La campagna #DeleteFacebook
Negli ultimi giorni è scattata anche una mobilitazione social contro Facebook con un hashtag #DeleteFacebook che ha ottenuto (da domenica alla mezzanotte scorsa) negli ultimi tre giorni 90mila mentions. Tra i nomi illustri che hanno commentato con quest’hashtag ha fatto clamore il tweet di Brian Acton, fondatore di Whatsapp, società acquisità da Facebook nel 2014 per 14 miliardi di dollari. I dissapori tra Acton e il team guidato da Mark Zuckerberg hanno evidentemente inciso in questa fase.

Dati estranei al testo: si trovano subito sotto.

lemma linear_D2:
  fixes F :: "real^'n \<Rightarrow> real^'m"
  assumes "smooth_on U F" "y \<in> U"
  shows "linear (\<lambda>h. D2 F y h w)"
  using has_derivative_linear[OF smooth_on_has_derivative_Dif[OF assms]] .

lemma linear_D2_right:
  fixes F :: "real^'n \<Rightarrow> real^'m"
  assumes "open U" "smooth_on U F" "y \<in> U"
  shows "linear (D2 F y h)"
  using linear_D2[OF assms(2,3)] D2_commute[OF assms] by (simp add: fun_eq_iff)

lemma bounded_linear_matrix_vector_nth: "bounded_linear (\<lambda>M::real^'n^'n. (M *v v) $ i)"
  by (auto intro!: linearI simp: linear_conv_bounded_linear[symmetric] matrix_vector_mult_def
      sum.distrib sum_distrib_left algebra_simps)

lemma D2_conformal_tangential:
  fixes f g :: "real^'n \<Rightarrow> real^'m" and T :: "real^'n \<Rightarrow> real^'n^'n"
  assumes U: "open U" and sf: "smooth_on U f" and sg: "smooth_on U g"
    and s\<phi>: "smooth_on U \<phi>" and sT: "smooth_on U T"
    and conf: "\<forall>y\<in>U. \<forall>v. Dif g y v = exp (\<phi> y) *\<^sub>R Dif f y (T y *v v)"
    and x: "x \<in> U"
  shows "\<exists>t\<in>range (Dif f x). D2 g x h v = exp (\<phi> x) *\<^sub>R D2 f x h (T x *v v) + t"
proof -
  define a where "a i y = exp (\<phi> y) * (T y *v v) $ i" for i y
  have "\<exists>a'. (a i has_derivative a') (at x)" for i
    using has_derivative_mult[OF has_derivative_exp[OF smooth_on_has_derivative[OF s\<phi> x]]
        bounded_linear.has_derivative[OF bounded_linear_matrix_vector_nth smooth_on_has_derivative[OF sT x]]]
    unfolding a_def by blast
  then obtain a' where a': "\<And>i. (a i has_derivative a' i) (at x)" by metis
  have lin: "linear (Dif f y)" if "y \<in> U" for y
    using has_derivative_linear[OF smooth_on_has_derivative[OF sf that]] .
  have "Dif g y v = (\<Sum>i\<in>UNIV. a i y *\<^sub>R Dif f y (axis i 1))" if "y \<in> U" for y
    using conf that linear_vec_expand[OF lin[OF that], of "T y *v v"]
    by (simp add: a_def scaleR_sum_right)
  moreover have "((\<lambda>y. \<Sum>i\<in>UNIV. a i y *\<^sub>R Dif f y (axis i 1)) has_derivative
      (\<lambda>h. \<Sum>i\<in>UNIV. a i x *\<^sub>R D2 f x h (axis i 1) + a' i h *\<^sub>R Dif f x (axis i 1))) (at x)"
    by (intro has_derivative_sum has_derivative_scaleR a' smooth_on_has_derivative_Dif[OF sf x])
  ultimately have "((\<lambda>y. Dif g y v) has_derivative
      (\<lambda>h. \<Sum>i\<in>UNIV. a i x *\<^sub>R D2 f x h (axis i 1) + a' i h *\<^sub>R Dif f x (axis i 1))) (at x)"
    using has_derivative_transform_within_open[OF _ U x] by (metis (no_types, lifting))
  then have "D2 g x h v = (\<Sum>i\<in>UNIV. a i x *\<^sub>R D2 f x h (axis i 1)) + Dif f x (\<Sum>i\<in>UNIV. a' i h *\<^sub>R axis i 1)"
    using has_derivative_unique[OF smooth_on_has_derivative_Dif[OF sg x]]
    by (simp add: fun_eq_iff sum.distrib linear_sum[OF lin[OF x]] linear_scale[OF lin[OF x]])
  also have "(\<Sum>i\<in>UNIV. a i x *\<^sub>R D2 f x h (axis i 1)) = exp (\<phi> x) *\<^sub>R D2 f x h (T x *v v)"
    using linear_vec_expand[OF linear_D2_right[OF U sf x], of h "T x *v v"]
    by (simp add: a_def scaleR_sum_right)
  finally show ?thesis by blast
qed

lemma sff_conformal_symmetric:
  fixes f g :: "real^'n \<Rightarrow> real^'m" and T :: "real^'n \<Rightarrow> real^'n^'n"
  assumes U: "open U" and sf: "smooth_on U f" and sg: "smooth_on U g"
    and s\<phi>: "smooth_on U \<phi>" and sT: "smooth_on U T"
    and conf: "\<forall>y\<in>U. \<forall>v. Dif g y v = exp (\<phi> y) *\<^sub>R Dif f y (T y *v v)"
    and x: "x \<in> U"
  shows "sff f x u (T x *v w) = sff f x (T x *v u) w"
proof -
  define P where "P = range (Dif f x)"
  have P: "subspace P"
    unfolding P_def using has_derivative_linear[OF smooth_on_has_derivative[OF sf x]]
    by (rule linear_subspace_image[OF _ subspace_UNIV])
  have normal_D2g: "nproj P (D2 g x h v) = exp (\<phi> x) *\<^sub>R sff f x h (T x *v v)" for h v
    using D2_conformal_tangential[OF U sf sg s\<phi> sT conf x, of h v] nproj_scale_add[OF P]
    unfolding sff_def P_def by auto
  have "exp (\<phi> x) *\<^sub>R sff f x u (T x *v w) = exp (\<phi> x) *\<^sub>R sff f x w (T x *v u)"
    using normal_D2g[of u w] normal_D2g[of w u] D2_commute[OF U sg x] by metis
  then show ?thesis unfolding sff_def using D2_commute[OF U sf x] by simp
qed

lemma bilinear_metric:
  assumes "linear (Dif f x)"
  shows "bilinear (metric f x)"
  unfolding bilinear_def metric_def
  by (auto intro!: linearI simp: linear_add[OF assms] linear_scale[OF assms] inner_add_left inner_add_right)

lemma metric_pos:
  assumes "linear (Dif f x)" "inj (Dif f x)" "u \<noteq> 0"
  shows "metric f x u u > 0"
  using assms linear_0[OF assms(1)] by (simp add: metric_def inj_eq[symmetric, of _ u 0])

lemma bilinear_sff_nth:
  assumes "open U" "smooth_on U f" "x \<in> U"
  shows "bilinear (\<lambda>u v. sff f x u v $ k)"
proof -
  have "subspace (range (Dif f x))"
    using has_derivative_linear[OF smooth_on_has_derivative[OF assms(2,3)]]
    by (rule linear_subspace_image[OF _ subspace_UNIV])
  then have nproj_nth: "linear (\<lambda>z. nproj (range (Dif f x)) z $ k)"
    using linear_compose[OF linear_nproj bounded_linear_vec_nth[THEN bounded_linear.linear]]
    by (simp add: o_def)
  show ?thesis
    using linear_compose[OF linear_D2[OF assms(2,3)] nproj_nth]
      linear_compose[OF linear_D2_right[OF assms] nproj_nth]
    by (simp add: bilinear_def sff_def o_def)
qed

lemma cmetric_eq_cform: "cmetric f x = cform (metric f x)"
  by (simp add: fun_eq_iff cmetric_def cform_def)

lemma csff_nth: "csff f x v w $ k = cform (\<lambda>u v. sff f x u v $ k) v w"
  by (simp add: csff_def cform_def)

theorem lemma3p2:
  fixes f g :: "real^'n \<Rightarrow> real^'m"
    and \<phi> :: "real^'n \<Rightarrow> real"
    and T :: "real^'n \<Rightarrow> real^'n^'n"
    and l m :: complex
    and U :: "(real^'n) set"
  assumes "immersion_on f U" and "immersion_on g U"
    and "smooth_on U \<phi>" and "smooth_on U T"
    and "\<forall>x\<in>U. \<forall>u v. metric f x (T x *v u) (T x *v v) = metric f x u v"
    and "\<forall>x\<in>U. \<forall>v. Dif g x v = exp (\<phi> x) *\<^sub>R Dif f x (T x *v v)"
    and "x \<in> U"
    and "\<exists>v. v \<noteq> 0 \<and> v \<in> eigenspace_c (T x) l"
    and "\<exists>w. w \<noteq> 0 \<and> w \<in> eigenspace_c (T x) m"
  shows "(\<not> (m = cnj l \<and> m = 1 / l) \<longrightarrow>
           (\<forall>v\<in>eigenspace_c (T x) l. \<forall>w\<in>eigenspace_c (T x) m. cmetric f x v w = 0))
       \<and> (m \<noteq> l \<longrightarrow>
           (\<forall>v\<in>eigenspace_c (T x) l. \<forall>w\<in>eigenspace_c (T x) m. csff f x v w = 0))"
proof -
  have U: "open U" and sf: "smooth_on U f" and sg: "smooth_on U g" and inj: "inj (Dif f x)"
    using assms(1,2,7) by (auto simp: immersion_on_def)
  have lin: "linear (Dif f x)"
    using has_derivative_linear[OF smooth_on_has_derivative[OF sf assms(7)]] .
  have "cmetric f x v w = 0"
    if "\<not> (m = cnj l \<and> m = 1 / l)" "v \<in> eigenspace_c (T x) l" "w \<in> eigenspace_c (T x) m" for v w
    using cform_eigenspaces_isometry[OF bilinear_metric[OF lin] metric_pos[OF lin inj] _ assms(8)]
      assms(5,7) that by (auto simp: cmetric_eq_cform)
  moreover have "csff f x v w = 0"
    if "m \<noteq> l" "v \<in> eigenspace_c (T x) l" "w \<in> eigenspace_c (T x) m" for v w
    using cform_eigenvectors_self_adjoint[OF bilinear_sff_nth[OF U sf assms(7)] _ that(2,3,1)]
      sff_conformal_symmetric[OF U sf sg assms(3,4,6,7)]
    by (simp add: vec_eq_iff csff_nth)
  ultimately show ?thesis by blast
qed

end
(* Let $(\mathcal W,\rhd)$ be a well-founded frame (over a fixed syntactical $\lambda$-algebra $(\mathcal V,\cdot,[\![-]\!])$). Then $\mathcal I[\bullet(A\to B)]^\eta_p=\mathcal I[\bullet A\to\bullet B]^\eta_p$ holds for all type expressions $A,B$, all hereditary type environments $\eta$ and all $p\in\mathcal W$ if and only if $\rhd$ is locally linear.
   Context: Type expressions: fix a countably infinite set of type variables $X,Y,Z,\dots$. Pseudo type expressions are generated by $A::=X\mid A\to A\mid \bullet A\mid \mu X.A$ ($\mu$ binds $X$; $\alpha$-convertible expressions are identified; $\to$ associates to the right; $\bullet$ binds tighter than $\to$, which binds tighter than $\mu$). $A[B/X]$ denotes capture-avoiding substitution. $\top$ abbreviates $\mu X.\bullet X$, and $\bullet^n A$ denotes $A$ prefixed by $n$ copies of $\bullet$. The tail $t(A)$ is defined by $t(X)=X$, $t(A\to B)=t(B)$, $t(\bullet A)=\bullet t(A)$, $t(\mu X.A)=\mu X.t(A)$; it always has the form $\bullet^{m_0}\mu X_1.\bullet^{m_1}\mu X_2.\cdots\mu X_n.\bullet^{m_n}Y$. $A$ is a $\top$-variant iff $Y=X_i$ for some $1\le i\le n$ with $X_i\notin\{X_{i+1},\dots,X_n\}$ and $m_i+\dots+m_n\ge 1$. $A$ is proper in $X$ iff: a variable $Y$ is proper in $X$ iff $Y\neq X$; $\bullet A$ is always proper in $X$; $A\to B$ is proper in $X$ iff both $A,B$ are proper in $X$ or $B$ is a $\top$-variant; for $Y\ne X$, $\mu Y.A$ is proper in $X$ iff $A$ is proper in $X$ or $\mu Y.A$ is a $\top$-variant. Type expressions are the least set of pseudo type expressions containing all type variables, closed under $\to$ and $\bullet$, and containing $\mu X.A$ whenever it contains $A$ and $A$ is proper in $X$. Semantics: a syntactical $\lambda$-algebra $(\mathcal V,\cdot,[\![-]\!])$ consists of a nonempty set $\mathcal V$, a map $\cdot:\mathcal V\times\mathcal V\to\mathcal V$, and values $[\![M]\!]_\rho\in\mathcal V$ for untyped $\lambda$-terms $M$ and maps $\rho$ from individual variables to $\mathcal V$, such that $[\![x]\!]_\rho=\rho(x)$, $[\![MN]\!]_\rho=[\![M]\!]_\rho\cdot[\![N]\!]_\rho$, $[\![\lambda x.M]\!]_\rho\cdot v=[\![M]\!]_{\rho[v/x]}$, $[\![M]\!]_\rho$ depends only on $\rho$ restricted to free variables of $M$, and $M=_\beta N$ implies $[\![M]\!]_\rho=[\![N]\!]_\rho$. A well-founded frame is a pair $(\mathcal W,\rhd)$ with $\mathcal W$ nonempty and $\rhd$ a binary relation on $\mathcal W$ admitting no infinite chain $p_0\rhd p_1\rhd p_2\rhd\cdots$; $\trianglerighteq$ denotes the reflexive-transitive closure of $\rhd$. $\rhd$ is locally linear if whenever $p\rhd q$ there is $r$ with $p\trianglerighteq r\rhd q$ such that $r\rhd s$ implies $q\trianglerighteq s$ for all $s$. A $\lambda$A-frame is a well-founded frame whose $\rhd$ is locally linear. A type environment $\eta$ assigns a set $\eta(X)_p\subseteq\mathcal V$ to each type variable $X$ and world $p$; it is hereditary if $p\rhd q$ implies $\eta(X)_p\subseteq\eta(X)_q$. For hereditary $\eta$, $\mathcal I[A]^\eta_p\subseteq\mathcal V$ is defined (by well-founded induction on $p$ and the syntactic rank of $A$) by: $\mathcal I[A]^\eta_p=\mathcal V$ if $A$ is a $\top$-variant; otherwise $\mathcal I[X]^\eta_p=\eta(X)_p$; $\mathcal I[\bullet A]^\eta_p=\{u\mid u\in\mathcal I[A]^\eta_q\text{ for all }q\text{ with }p\rhd q\}$; $\mathcal I[A\to B]^\eta_p=\{u\mid \text{for all }q\text{ with }p\trianglerighteq q\text{ and all }v\in\mathcal I[A]^\eta_q,\ u\cdot v\in\mathcal I[B]^\eta_q\}$; $\mathcal I[\mu X.A]^\eta_p=\mathcal I[A[\mu X.A/X]]^\eta_p$. *)

theory Defs
  imports Main
begin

Negli Usa scatta la prima class action
Inoltre è già scattata negli Usa la prima class action contro Facebook e Cambridge Analytica. L’azione legale è stata avanzata presso la corte distrettuale di San Josè, in California, e potrebbe aprire la strada a molte altre cause collettive per la richiesta dei danni provocati dalla mancata protezione dei dati personali. Dati raccolti senza alcuna autorizzazione - spiegano i promotori dell'azione legale - e che sono stati utilizzati per avvantaggiare la campagna di Donald Trump.

Il professor Kogan: «Io usato come capro espiatorio»
«Mi usano come capro espiatorio, sia Facebook sia Cambridge Analytica», ma la verità è che tutti sapevano tutto e tutti «ritenevamo di agire in modo perfettamente appropriato» dal punto di vista legale. Alexander Kogan, accademico americano figlio d'espatriati sovietici e docente di psicologia a Cambridge, non ci sta rimanere con il cerino in mano sullo scandalo del momento. E replica dai microfoni di Bbc Radio 4. È lui, attraverso una sua
app, l'uomo che ha raccolto ed elaborato i dati di 50 milioni di utenti di Facebook per poi passarli a Cambridge Analytica. Ma nega di aver ingannato chiunque. E mette inoltre in dubbio che quei dati possano aver avuto davvero un ruolo chiave nella vittoria di Trump. Kogan aggiunge di considerare alla stregua di millanterie pubblicitarie le affermazioni fatte in seguito dal management della stessa Cambridge Analytica di aver avuto un ruolo cruciale per far vincere Trump. «È un'esagerazione», sostiene Kogan, osservando che la maggior parte di quella montagna di dati sarebbe stata più adatta a danneggiare la campagna del tycoon che non a favorirla.